__Aim of the task__
Reproduce the records below exactly as they appear.

----------------

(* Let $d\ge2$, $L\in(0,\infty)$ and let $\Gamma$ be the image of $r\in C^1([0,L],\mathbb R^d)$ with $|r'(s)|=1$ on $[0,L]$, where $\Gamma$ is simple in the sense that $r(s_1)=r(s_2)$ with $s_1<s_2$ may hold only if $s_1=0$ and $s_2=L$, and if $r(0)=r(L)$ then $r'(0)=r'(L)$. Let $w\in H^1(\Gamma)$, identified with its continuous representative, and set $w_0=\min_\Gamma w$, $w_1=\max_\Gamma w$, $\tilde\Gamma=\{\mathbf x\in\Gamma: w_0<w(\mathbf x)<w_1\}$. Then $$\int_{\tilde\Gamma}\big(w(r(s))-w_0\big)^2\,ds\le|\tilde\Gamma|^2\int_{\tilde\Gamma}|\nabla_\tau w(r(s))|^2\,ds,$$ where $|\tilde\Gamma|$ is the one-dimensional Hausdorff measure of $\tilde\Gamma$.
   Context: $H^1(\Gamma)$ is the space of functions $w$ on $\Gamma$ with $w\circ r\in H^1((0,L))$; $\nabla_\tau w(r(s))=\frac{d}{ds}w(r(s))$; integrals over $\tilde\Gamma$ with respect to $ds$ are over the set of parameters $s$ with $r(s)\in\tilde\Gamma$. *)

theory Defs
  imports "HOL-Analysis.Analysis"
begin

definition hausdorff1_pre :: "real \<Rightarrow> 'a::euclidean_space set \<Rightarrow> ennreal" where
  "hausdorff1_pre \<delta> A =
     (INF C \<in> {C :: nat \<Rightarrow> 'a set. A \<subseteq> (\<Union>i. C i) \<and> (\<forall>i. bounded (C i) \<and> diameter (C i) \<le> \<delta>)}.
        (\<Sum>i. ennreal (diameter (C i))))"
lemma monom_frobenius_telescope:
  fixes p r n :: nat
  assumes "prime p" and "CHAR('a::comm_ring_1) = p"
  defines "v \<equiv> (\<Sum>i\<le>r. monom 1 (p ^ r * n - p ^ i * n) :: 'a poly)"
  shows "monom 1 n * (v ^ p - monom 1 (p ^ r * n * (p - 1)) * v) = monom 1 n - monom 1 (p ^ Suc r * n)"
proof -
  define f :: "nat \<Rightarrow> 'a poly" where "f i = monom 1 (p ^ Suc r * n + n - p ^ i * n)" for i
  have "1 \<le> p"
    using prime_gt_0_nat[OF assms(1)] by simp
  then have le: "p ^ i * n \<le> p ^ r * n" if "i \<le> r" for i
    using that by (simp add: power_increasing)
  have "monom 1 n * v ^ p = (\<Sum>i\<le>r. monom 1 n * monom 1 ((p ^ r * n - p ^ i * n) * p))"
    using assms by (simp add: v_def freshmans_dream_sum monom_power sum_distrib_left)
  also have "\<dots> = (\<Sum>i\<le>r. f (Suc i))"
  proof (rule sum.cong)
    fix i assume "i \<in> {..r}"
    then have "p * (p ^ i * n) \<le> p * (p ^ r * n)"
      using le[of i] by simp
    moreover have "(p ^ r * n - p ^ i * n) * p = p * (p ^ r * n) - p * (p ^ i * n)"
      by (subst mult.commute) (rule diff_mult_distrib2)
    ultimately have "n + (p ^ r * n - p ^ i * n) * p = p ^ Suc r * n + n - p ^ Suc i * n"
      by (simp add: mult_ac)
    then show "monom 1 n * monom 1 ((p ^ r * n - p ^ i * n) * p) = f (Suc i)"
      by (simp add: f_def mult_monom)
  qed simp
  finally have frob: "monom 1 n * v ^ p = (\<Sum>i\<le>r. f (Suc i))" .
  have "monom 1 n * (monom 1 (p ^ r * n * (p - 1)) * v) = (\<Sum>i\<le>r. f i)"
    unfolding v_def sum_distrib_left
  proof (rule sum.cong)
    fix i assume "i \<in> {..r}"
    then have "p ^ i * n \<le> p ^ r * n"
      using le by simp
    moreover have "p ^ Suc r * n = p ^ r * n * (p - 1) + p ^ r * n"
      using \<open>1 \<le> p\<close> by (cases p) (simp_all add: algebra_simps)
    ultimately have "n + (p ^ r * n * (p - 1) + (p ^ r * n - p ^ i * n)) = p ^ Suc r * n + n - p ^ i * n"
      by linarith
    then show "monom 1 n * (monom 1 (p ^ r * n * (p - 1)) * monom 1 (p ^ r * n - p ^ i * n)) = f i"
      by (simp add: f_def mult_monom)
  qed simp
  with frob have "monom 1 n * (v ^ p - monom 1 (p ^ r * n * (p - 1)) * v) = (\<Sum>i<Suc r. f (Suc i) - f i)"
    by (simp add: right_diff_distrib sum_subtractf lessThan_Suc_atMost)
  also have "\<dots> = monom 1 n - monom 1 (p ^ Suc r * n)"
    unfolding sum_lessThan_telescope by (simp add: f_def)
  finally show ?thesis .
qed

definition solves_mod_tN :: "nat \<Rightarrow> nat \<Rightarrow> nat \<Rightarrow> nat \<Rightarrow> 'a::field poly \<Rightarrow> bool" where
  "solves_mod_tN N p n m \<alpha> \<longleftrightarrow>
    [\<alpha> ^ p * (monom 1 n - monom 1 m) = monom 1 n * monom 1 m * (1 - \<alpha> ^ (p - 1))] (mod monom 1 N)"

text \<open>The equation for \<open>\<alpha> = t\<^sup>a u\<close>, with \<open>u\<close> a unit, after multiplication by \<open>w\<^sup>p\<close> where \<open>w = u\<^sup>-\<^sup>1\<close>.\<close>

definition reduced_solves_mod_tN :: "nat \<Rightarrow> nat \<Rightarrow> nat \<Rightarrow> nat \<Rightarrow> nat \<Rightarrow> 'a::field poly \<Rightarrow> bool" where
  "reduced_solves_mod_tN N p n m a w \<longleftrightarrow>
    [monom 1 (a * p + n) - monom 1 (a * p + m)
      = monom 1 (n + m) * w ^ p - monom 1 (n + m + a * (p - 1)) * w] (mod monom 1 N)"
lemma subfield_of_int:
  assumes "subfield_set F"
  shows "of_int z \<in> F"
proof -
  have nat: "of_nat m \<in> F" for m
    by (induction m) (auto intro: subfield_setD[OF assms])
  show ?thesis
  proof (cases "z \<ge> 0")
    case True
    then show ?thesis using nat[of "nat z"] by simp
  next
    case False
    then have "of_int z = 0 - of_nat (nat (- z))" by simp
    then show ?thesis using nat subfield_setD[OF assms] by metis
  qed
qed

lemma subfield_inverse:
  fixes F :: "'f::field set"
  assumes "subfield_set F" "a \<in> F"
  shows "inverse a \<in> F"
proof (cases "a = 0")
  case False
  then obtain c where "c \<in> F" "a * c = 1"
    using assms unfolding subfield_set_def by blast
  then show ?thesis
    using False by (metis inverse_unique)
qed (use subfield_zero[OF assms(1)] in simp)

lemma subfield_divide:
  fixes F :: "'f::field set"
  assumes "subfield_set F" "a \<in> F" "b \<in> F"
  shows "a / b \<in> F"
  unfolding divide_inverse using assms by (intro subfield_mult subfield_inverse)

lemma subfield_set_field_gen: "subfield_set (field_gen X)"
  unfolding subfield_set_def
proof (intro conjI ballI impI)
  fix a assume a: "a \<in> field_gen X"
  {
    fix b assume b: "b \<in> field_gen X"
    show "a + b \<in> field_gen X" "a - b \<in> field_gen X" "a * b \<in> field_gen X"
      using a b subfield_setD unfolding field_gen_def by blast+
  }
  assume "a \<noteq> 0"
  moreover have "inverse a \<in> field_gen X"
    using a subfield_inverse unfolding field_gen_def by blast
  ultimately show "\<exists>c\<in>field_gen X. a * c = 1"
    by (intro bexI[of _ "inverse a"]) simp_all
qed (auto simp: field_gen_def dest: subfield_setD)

----------------

__Solution to the exercise__
(* Let $d\ge2$, $L\in(0,\infty)$ and let $\Gamma$ be the image of $r\in C^1([0,L],\mathbb R^d)$ with $|r'(s)|=1$ on $[0,L]$, where $\Gamma$ is simple in the sense that $r(s_1)=r(s_2)$ with $s_1<s_2$ may hold only if $s_1=0$ and $s_2=L$, and if $r(0)=r(L)$ then $r'(0)=r'(L)$. Let $w\in H^1(\Gamma)$, identified with its continuous representative, and set $w_0=\min_\Gamma w$, $w_1=\max_\Gamma w$, $\tilde\Gamma=\{\mathbf x\in\Gamma: w_0<w(\mathbf x)<w_1\}$. Then $$\int_{\tilde\Gamma}\big(w(r(s))-w_0\big)^2\,ds\le|\tilde\Gamma|^2\int_{\tilde\Gamma}|\nabla_\tau w(r(s))|^2\,ds,$$ where $|\tilde\Gamma|$ is the one-dimensional Hausdorff measure of $\tilde\Gamma$.
   Context: $H^1(\Gamma)$ is the space of functions $w$ on $\Gamma$ with $w\circ r\in H^1((0,L))$; $\nabla_\tau w(r(s))=\frac{d}{ds}w(r(s))$; integrals over $\tilde\Gamma$ with respect to $ds$ are over the set of parameters $s$ with $r(s)\in\tilde\Gamma$. *)

theory Defs
  imports "HOL-Analysis.Analysis"
begin

definition hausdorff1_pre :: "real \<Rightarrow> 'a::euclidean_space set \<Rightarrow> ennreal" where
  "hausdorff1_pre \<delta> A =
     (INF C \<in> {C :: nat \<Rightarrow> 'a set. A \<subseteq> (\<Union>i. C i) \<and> (\<forall>i. bounded (C i) \<and> diameter (C i) \<le> \<delta>)}.
        (\<Sum>i. ennreal (diameter (C i))))"
lemma monom_frobenius_telescope:
  fixes p r n :: nat
  assumes "prime p" and "CHAR('a::comm_ring_1) = p"
  defines "v \<equiv> (\<Sum>i\<le>r. monom 1 (p ^ r * n - p ^ i * n) :: 'a poly)"
  shows "monom 1 n * (v ^ p - monom 1 (p ^ r * n * (p - 1)) * v) = monom 1 n - monom 1 (p ^ Suc r * n)"
proof -
  define f :: "nat \<Rightarrow> 'a poly" where "f i = monom 1 (p ^ Suc r * n + n - p ^ i * n)" for i
  have "1 \<le> p"
    using prime_gt_0_nat[OF assms(1)] by simp
  then have le: "p ^ i * n \<le> p ^ r * n" if "i \<le> r" for i
    using that by (simp add: power_increasing)
  have "monom 1 n * v ^ p = (\<Sum>i\<le>r. monom 1 n * monom 1 ((p ^ r * n - p ^ i * n) * p))"
    using assms by (simp add: v_def freshmans_dream_sum monom_power sum_distrib_left)
  also have "\<dots> = (\<Sum>i\<le>r. f (Suc i))"
  proof (rule sum.cong)
    fix i assume "i \<in> {..r}"
    then have "p * (p ^ i * n) \<le> p * (p ^ r * n)"
      using le[of i] by simp
    moreover have "(p ^ r * n - p ^ i * n) * p = p * (p ^ r * n) - p * (p ^ i * n)"
      by (subst mult.commute) (rule diff_mult_distrib2)
    ultimately have "n + (p ^ r * n - p ^ i * n) * p = p ^ Suc r * n + n - p ^ Suc i * n"
      by (simp add: mult_ac)
    then show "monom 1 n * monom 1 ((p ^ r * n - p ^ i * n) * p) = f (Suc i)"
      by (simp add: f_def mult_monom)
  qed simp
  finally have frob: "monom 1 n * v ^ p = (\<Sum>i\<le>r. f (Suc i))" .
  have "monom 1 n * (monom 1 (p ^ r * n * (p - 1)) * v) = (\<Sum>i\<le>r. f i)"
    unfolding v_def sum_distrib_left
  proof (rule sum.cong)
    fix i assume "i \<in> {..r}"
    then have "p ^ i * n \<le> p ^ r * n"
      using le by simp
    moreover have "p ^ Suc r * n = p ^ r * n * (p - 1) + p ^ r * n"
      using \<open>1 \<le> p\<close> by (cases p) (simp_all add: algebra_simps)
    ultimately have "n + (p ^ r * n * (p - 1) + (p ^ r * n - p ^ i * n)) = p ^ Suc r * n + n - p ^ i * n"
      by linarith
    then show "monom 1 n * (monom 1 (p ^ r * n * (p - 1)) * monom 1 (p ^ r * n - p ^ i * n)) = f i"
      by (simp add: f_def mult_monom)
  qed simp
  with frob have "monom 1 n * (v ^ p - monom 1 (p ^ r * n * (p - 1)) * v) = (\<Sum>i<Suc r. f (Suc i) - f i)"
    by (simp add: right_diff_distrib sum_subtractf lessThan_Suc_atMost)
  also have "\<dots> = monom 1 n - monom 1 (p ^ Suc r * n)"
    unfolding sum_lessThan_telescope by (simp add: f_def)
  finally show ?thesis .
qed

definition solves_mod_tN :: "nat \<Rightarrow> nat \<Rightarrow> nat \<Rightarrow> nat \<Rightarrow> 'a::field poly \<Rightarrow> bool" where
  "solves_mod_tN N p n m \<alpha> \<longleftrightarrow>
    [\<alpha> ^ p * (monom 1 n - monom 1 m) = monom 1 n * monom 1 m * (1 - \<alpha> ^ (p - 1))] (mod monom 1 N)"

text \<open>The equation for \<open>\<alpha> = t\<^sup>a u\<close>, with \<open>u\<close> a unit, after multiplication by \<open>w\<^sup>p\<close> where \<open>w = u\<^sup>-\<^sup>1\<close>.\<close>

definition reduced_solves_mod_tN :: "nat \<Rightarrow> nat \<Rightarrow> nat \<Rightarrow> nat \<Rightarrow> nat \<Rightarrow> 'a::field poly \<Rightarrow> bool" where
  "reduced_solves_mod_tN N p n m a w \<longleftrightarrow>
    [monom 1 (a * p + n) - monom 1 (a * p + m)
      = monom 1 (n + m) * w ^ p - monom 1 (n + m + a * (p - 1)) * w] (mod monom 1 N)"
lemma subfield_of_int:
  assumes "subfield_set F"
  shows "of_int z \<in> F"
proof -
  have nat: "of_nat m \<in> F" for m
    by (induction m) (auto intro: subfield_setD[OF assms])
  show ?thesis
  proof (cases "z \<ge> 0")
    case True
    then show ?thesis using nat[of "nat z"] by simp
  next
    case False
    then have "of_int z = 0 - of_nat (nat (- z))" by simp
    then show ?thesis using nat subfield_setD[OF assms] by metis
  qed
qed

lemma subfield_inverse:
  fixes F :: "'f::field set"
  assumes "subfield_set F" "a \<in> F"
  shows "inverse a \<in> F"
proof (cases "a = 0")
  case False
  then obtain c where "c \<in> F" "a * c = 1"
    using assms unfolding subfield_set_def by blast
  then show ?thesis
    using False by (metis inverse_unique)
qed (use subfield_zero[OF assms(1)] in simp)

lemma subfield_divide:
  fixes F :: "'f::field set"
  assumes "subfield_set F" "a \<in> F" "b \<in> F"
  shows "a / b \<in> F"
  unfolding divide_inverse using assms by (intro subfield_mult subfield_inverse)

lemma subfield_set_field_gen: "subfield_set (field_gen X)"
  unfolding subfield_set_def
proof (intro conjI ballI impI)
  fix a assume a: "a \<in> field_gen X"
  {
    fix b assume b: "b \<in> field_gen X"
    show "a + b \<in> field_gen X" "a - b \<in> field_gen X" "a * b \<in> field_gen X"
      using a b subfield_setD unfolding field_gen_def by blast+
  }
  assume "a \<noteq> 0"
  moreover have "inverse a \<in> field_gen X"
    using a subfield_inverse unfolding field_gen_def by blast
  ultimately show "\<exists>c\<in>field_gen X. a * c = 1"
    by (intro bexI[of _ "inverse a"]) simp_all
qed (auto simp: field_gen_def dest: subfield_setD)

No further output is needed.